Gábor Balog

Personal information
- Born: 2 September 1990 (age 35) Békéscsaba, Hungary

Medal record
Representing Hungary
Men's swimming
European Championships (LC)
| Bronze medal – third place | 2014 Berlin | 200 m backstroke |
| Bronze medal – third place | 2016 London | 4×100 m medley |
| Bronze medal – third place | 2016 London | 4×100 m mixed medley |
European Junior Championship (LC)
| Silver medal – second place | 2008 Belgrade | 200 m backstroke |
| Bronze medal – third place | 2007 Antwerp | 200 m backstroke |
| Bronze medal – third place | 2007 Antwerp | 4×100 m medley |
Men's lifesaving
World Games
| Gold medal – first place | 2022 Birmingham | 4x50 m obstacle |
| Gold medal – first place | 2022 Birmingham | 4x50 m medley |

= Gábor Balog =

Hungarian swimmer (born 1990)

Gábor Balog (born 2 September 1990 in Békéscsaba) is a Hungarian swimmer, who competed at the 2008, 2012 and 2016 Summer Olympics.

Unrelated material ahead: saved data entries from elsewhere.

lemma (in prob_space) prob_rank_pvalue_le:
  assumes indep: "indep_vars (\<lambda>_. borel) T {0..R}"
    and ident: "\<And>m. m \<le> R \<Longrightarrow> distr M borel (T m) = distr M borel (T 0)" and "0 \<le> \<alpha>"
  shows "prob {\<omega>\<in>space M. rank_pvalue R (T 0 \<omega>) (\<lambda>m. T m \<omega>) \<le> \<alpha>} \<le> \<alpha>"
proof -
  let ?H = "\<lambda>k \<omega>. \<bar>T k \<omega>\<bar>"
  have rv: "random_variable borel (T m)" if "m \<le> R" for m
    using indep that by (simp add: indep_vars_def)
  have indep_abs: "indep_vars (\<lambda>_. borel) ?H {0..R}"
    using indep by (rule indep_vars_compose2) auto
  have "distr M borel (?H m) = distr (distr M borel (T m)) borel abs" if "m \<le> R" for m
    using rv[OF that] by (subst distr_distr) (auto simp: comp_def)
  then have ident_abs: "distr M borel (?H m) = distr M borel (?H 0)" if "m \<in> {0..R}" for m
    using that ident[of m] by simp
  have "prob {\<omega>\<in>space M. real (card {k\<in>{0..R}. ?H 0 \<omega> \<le> ?H k \<omega>}) \<le> \<alpha> * (real R + 1)}
      * real (card {0..R}) \<le> \<alpha> * (real R + 1)"
    using assms(3) by (intro prob_rank_le[OF indep_abs _ _ ident_abs]) auto
  then show ?thesis
    by (simp add: rank_pvalue_le_iff add.commute[of 1])
qed

lemma (in prob_space) prob_rank_pvalue_normal_le:
  assumes indep: "indep_vars (\<lambda>_. borel) G {0..R}"
    and normal: "\<And>m. m \<le> R \<Longrightarrow> distributed M lborel (G m) (normal_density 0 \<sigma>)"
    and \<sigma>: "0 < \<sigma>" and \<alpha>: "0 \<le> \<alpha>"
  shows "prob {\<omega>\<in>space M. rank_pvalue R (b + G 0 \<omega>) (\<lambda>m. b + G m \<omega>) \<le> \<alpha>} \<le> \<alpha>"
proof (rule prob_rank_pvalue_le[OF _ _ \<alpha>])
  show "indep_vars (\<lambda>_. borel) (\<lambda>m \<omega>. b + G m \<omega>) {0..R}"
    using indep by (rule indep_vars_compose2) auto
  fix m assume "m \<le> R"
  then show "distr M borel (\<lambda>\<omega>. b + G m \<omega>) = distr M borel (\<lambda>\<omega>. b + G 0 \<omega>)"
    using distr_normal_density_shift[OF normal \<sigma>] by simp
qed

At the 2008 Summer Olympics, he competed in the men's 200 metre backstroke only. At the 2012 Summer Olympics, he competed in the Men's 200 metre backstroke, finishing in 5th place overall in the heats, and 5th place in his semifinal, failing to make the final. He also competed as part of the Hungarian men's 4 × 100 m freestyle relay team. At the 2016 Summer Olympics, he competed in different events, the 100 m backstroke and the 4 × 100 m medley relay.